> [Data records]
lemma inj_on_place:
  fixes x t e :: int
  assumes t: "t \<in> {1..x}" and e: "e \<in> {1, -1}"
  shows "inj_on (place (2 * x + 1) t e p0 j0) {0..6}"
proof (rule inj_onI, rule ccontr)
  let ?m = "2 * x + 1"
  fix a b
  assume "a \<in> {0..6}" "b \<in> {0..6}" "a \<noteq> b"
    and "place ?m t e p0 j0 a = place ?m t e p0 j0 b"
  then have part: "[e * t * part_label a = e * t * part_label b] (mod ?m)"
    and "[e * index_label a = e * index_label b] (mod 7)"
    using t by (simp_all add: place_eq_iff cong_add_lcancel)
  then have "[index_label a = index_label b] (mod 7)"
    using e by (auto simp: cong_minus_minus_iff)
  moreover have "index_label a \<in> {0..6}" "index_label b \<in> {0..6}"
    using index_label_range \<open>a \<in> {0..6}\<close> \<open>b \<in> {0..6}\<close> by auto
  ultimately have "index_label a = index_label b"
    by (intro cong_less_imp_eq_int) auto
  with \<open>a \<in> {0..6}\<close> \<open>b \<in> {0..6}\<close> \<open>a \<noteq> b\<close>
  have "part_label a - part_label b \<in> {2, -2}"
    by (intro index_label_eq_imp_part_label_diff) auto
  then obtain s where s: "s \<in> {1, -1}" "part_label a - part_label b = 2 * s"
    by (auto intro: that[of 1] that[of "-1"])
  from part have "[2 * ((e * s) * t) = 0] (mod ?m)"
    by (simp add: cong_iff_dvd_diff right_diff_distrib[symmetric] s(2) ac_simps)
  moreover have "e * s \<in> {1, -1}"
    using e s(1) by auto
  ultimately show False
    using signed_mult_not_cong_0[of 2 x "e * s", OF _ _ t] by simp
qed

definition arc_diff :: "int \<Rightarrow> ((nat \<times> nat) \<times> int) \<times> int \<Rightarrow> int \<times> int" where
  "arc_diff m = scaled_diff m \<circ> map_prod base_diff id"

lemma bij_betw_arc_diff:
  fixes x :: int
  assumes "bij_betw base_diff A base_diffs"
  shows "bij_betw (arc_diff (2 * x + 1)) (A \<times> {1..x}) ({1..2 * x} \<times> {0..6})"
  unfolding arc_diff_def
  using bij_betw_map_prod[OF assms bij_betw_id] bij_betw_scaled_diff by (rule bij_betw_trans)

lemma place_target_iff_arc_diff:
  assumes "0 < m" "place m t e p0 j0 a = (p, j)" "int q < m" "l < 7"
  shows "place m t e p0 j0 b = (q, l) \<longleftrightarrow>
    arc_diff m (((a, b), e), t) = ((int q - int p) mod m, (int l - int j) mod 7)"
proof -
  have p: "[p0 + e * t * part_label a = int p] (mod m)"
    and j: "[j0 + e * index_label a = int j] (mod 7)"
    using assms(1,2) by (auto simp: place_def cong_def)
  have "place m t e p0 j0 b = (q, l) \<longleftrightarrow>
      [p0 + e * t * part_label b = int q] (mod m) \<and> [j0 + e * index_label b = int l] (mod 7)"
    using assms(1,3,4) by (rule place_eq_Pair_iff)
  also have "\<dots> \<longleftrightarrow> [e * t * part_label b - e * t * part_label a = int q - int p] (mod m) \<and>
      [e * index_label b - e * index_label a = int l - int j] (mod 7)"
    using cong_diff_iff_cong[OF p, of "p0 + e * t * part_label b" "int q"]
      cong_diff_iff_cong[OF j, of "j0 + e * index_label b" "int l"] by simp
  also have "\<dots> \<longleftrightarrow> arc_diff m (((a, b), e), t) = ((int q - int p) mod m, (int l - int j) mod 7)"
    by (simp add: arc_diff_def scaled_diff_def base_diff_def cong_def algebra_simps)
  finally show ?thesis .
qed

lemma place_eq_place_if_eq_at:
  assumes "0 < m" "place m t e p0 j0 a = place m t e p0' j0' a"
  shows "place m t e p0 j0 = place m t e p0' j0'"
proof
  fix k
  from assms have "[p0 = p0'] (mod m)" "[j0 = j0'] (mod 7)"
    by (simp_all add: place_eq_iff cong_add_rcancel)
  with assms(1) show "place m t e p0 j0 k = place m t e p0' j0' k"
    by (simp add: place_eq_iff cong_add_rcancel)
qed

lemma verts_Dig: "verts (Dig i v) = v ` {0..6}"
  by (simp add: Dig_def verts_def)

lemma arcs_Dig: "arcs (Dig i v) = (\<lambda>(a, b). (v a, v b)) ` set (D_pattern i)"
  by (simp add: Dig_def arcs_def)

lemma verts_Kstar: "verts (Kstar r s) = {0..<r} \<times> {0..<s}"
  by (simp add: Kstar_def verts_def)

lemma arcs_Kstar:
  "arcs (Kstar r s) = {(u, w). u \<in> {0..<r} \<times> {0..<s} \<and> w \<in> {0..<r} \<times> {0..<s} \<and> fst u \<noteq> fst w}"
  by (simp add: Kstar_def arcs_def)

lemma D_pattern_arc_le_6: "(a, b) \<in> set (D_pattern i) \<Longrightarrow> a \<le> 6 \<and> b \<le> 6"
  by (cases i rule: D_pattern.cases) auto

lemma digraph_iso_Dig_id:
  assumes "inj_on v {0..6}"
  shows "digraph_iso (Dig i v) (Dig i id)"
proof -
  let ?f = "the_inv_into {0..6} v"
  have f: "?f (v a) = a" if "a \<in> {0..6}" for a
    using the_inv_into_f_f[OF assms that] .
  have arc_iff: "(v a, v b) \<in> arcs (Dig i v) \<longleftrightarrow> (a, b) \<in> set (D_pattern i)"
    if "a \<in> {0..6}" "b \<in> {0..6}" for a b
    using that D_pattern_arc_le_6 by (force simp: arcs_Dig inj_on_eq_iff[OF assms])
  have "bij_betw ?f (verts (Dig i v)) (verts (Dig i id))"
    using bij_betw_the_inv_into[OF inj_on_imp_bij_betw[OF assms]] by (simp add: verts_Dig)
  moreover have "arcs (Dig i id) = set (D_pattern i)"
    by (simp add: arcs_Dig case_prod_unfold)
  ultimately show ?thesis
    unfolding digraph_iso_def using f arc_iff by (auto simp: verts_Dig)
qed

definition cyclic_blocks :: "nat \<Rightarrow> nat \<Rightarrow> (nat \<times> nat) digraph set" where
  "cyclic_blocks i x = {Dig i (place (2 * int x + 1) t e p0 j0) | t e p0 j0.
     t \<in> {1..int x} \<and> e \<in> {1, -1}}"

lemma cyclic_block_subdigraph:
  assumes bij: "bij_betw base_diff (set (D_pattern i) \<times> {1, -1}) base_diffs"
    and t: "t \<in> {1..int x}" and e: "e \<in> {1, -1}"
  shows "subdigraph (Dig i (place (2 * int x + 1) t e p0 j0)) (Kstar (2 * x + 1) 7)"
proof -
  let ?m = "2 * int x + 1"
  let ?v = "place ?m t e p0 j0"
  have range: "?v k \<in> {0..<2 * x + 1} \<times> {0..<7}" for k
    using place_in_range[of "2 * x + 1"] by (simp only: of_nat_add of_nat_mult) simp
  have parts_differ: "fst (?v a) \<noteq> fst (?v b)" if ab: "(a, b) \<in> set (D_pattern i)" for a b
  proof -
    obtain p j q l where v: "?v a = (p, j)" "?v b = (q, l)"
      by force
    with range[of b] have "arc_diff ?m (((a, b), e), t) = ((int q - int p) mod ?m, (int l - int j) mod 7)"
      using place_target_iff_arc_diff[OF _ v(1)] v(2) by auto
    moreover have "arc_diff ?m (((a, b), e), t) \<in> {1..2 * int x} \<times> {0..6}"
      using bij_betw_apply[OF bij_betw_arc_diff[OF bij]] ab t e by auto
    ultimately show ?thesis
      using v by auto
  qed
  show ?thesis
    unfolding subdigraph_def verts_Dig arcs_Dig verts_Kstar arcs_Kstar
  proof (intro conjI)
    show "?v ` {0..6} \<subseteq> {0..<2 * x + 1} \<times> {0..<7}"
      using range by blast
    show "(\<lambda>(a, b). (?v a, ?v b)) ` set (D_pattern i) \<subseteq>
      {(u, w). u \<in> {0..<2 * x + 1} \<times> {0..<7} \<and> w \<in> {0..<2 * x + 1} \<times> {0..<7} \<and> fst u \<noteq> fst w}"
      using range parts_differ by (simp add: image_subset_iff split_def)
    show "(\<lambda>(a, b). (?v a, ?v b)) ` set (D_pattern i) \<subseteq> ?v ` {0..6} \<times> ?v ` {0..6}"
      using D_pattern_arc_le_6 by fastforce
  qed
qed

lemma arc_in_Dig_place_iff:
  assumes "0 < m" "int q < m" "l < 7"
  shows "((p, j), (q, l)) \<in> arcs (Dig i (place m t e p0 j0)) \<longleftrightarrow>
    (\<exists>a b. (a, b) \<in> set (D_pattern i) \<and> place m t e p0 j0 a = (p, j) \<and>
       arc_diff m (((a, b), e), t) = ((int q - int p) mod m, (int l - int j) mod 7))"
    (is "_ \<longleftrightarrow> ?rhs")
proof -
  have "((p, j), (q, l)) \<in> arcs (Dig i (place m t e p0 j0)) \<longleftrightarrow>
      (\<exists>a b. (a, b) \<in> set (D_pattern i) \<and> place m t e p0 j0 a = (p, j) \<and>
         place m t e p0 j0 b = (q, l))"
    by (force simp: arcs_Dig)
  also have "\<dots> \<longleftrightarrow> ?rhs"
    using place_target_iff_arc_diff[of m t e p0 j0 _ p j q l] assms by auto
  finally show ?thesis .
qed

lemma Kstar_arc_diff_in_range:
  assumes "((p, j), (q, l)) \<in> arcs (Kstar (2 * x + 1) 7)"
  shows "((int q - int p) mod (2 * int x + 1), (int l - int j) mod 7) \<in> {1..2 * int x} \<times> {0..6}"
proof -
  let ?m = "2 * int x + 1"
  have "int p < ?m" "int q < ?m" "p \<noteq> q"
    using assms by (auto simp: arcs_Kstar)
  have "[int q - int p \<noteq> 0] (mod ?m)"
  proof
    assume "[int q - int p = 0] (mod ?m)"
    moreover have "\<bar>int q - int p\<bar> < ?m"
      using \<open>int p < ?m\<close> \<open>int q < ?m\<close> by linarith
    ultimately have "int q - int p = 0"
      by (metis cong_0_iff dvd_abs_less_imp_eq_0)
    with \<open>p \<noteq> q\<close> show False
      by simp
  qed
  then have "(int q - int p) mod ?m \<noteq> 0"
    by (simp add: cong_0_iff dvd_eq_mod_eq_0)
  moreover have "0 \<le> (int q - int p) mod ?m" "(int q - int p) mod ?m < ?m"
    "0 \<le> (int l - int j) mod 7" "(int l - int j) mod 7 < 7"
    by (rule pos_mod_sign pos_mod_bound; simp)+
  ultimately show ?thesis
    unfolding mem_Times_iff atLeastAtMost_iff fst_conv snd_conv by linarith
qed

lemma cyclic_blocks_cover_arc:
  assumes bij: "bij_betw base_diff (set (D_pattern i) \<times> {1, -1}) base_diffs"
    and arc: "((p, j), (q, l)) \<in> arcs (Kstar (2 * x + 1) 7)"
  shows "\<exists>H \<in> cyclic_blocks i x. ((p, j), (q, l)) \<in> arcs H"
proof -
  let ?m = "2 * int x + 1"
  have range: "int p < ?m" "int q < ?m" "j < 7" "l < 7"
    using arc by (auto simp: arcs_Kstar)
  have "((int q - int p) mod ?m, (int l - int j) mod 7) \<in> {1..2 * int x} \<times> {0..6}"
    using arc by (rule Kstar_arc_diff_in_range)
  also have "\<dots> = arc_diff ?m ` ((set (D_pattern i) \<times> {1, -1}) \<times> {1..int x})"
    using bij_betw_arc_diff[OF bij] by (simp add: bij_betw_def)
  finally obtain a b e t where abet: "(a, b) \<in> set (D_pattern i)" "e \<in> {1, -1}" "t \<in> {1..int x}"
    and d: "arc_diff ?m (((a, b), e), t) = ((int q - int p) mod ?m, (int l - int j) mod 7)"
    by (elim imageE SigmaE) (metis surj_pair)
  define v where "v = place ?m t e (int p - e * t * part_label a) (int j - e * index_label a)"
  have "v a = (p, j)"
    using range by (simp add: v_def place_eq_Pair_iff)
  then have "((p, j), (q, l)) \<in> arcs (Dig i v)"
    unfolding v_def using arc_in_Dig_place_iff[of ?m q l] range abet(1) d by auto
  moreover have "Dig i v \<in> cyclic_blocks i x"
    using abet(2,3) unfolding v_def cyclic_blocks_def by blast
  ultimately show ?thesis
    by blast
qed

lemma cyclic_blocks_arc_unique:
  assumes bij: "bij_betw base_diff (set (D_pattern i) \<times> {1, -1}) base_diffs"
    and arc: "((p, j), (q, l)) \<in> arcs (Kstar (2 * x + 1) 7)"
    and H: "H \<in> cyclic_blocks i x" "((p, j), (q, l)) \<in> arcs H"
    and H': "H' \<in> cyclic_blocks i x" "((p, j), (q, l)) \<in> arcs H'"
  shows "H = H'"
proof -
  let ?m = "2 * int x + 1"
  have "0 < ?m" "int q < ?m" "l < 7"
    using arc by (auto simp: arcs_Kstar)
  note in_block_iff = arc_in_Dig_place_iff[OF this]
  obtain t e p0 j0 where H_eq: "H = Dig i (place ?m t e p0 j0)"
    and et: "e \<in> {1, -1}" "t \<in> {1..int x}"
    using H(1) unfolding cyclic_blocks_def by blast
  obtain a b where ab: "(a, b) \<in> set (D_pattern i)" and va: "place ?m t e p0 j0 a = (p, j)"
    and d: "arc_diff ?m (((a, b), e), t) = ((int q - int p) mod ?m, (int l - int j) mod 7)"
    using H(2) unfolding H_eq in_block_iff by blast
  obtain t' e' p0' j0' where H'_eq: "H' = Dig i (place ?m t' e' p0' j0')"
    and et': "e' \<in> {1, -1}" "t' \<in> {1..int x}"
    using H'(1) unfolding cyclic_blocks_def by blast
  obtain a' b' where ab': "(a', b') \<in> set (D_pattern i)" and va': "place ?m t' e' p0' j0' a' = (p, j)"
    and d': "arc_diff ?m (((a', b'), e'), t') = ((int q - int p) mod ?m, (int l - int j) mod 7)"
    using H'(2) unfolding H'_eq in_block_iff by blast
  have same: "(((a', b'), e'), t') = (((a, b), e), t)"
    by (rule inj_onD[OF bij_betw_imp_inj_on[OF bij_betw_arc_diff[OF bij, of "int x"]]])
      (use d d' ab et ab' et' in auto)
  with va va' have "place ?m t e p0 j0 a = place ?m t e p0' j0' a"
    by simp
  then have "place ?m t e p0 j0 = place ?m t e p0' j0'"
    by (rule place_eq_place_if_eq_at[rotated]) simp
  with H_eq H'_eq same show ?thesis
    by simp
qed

> [Exercise objective] Search the material for the string "linarith" and show every line that has it.

> [Output for this task]
      using \<open>int p < ?m\<close> \<open>int q < ?m\<close> by linarith
    unfolding mem_Times_iff atLeastAtMost_iff fst_conv snd_conv by linarith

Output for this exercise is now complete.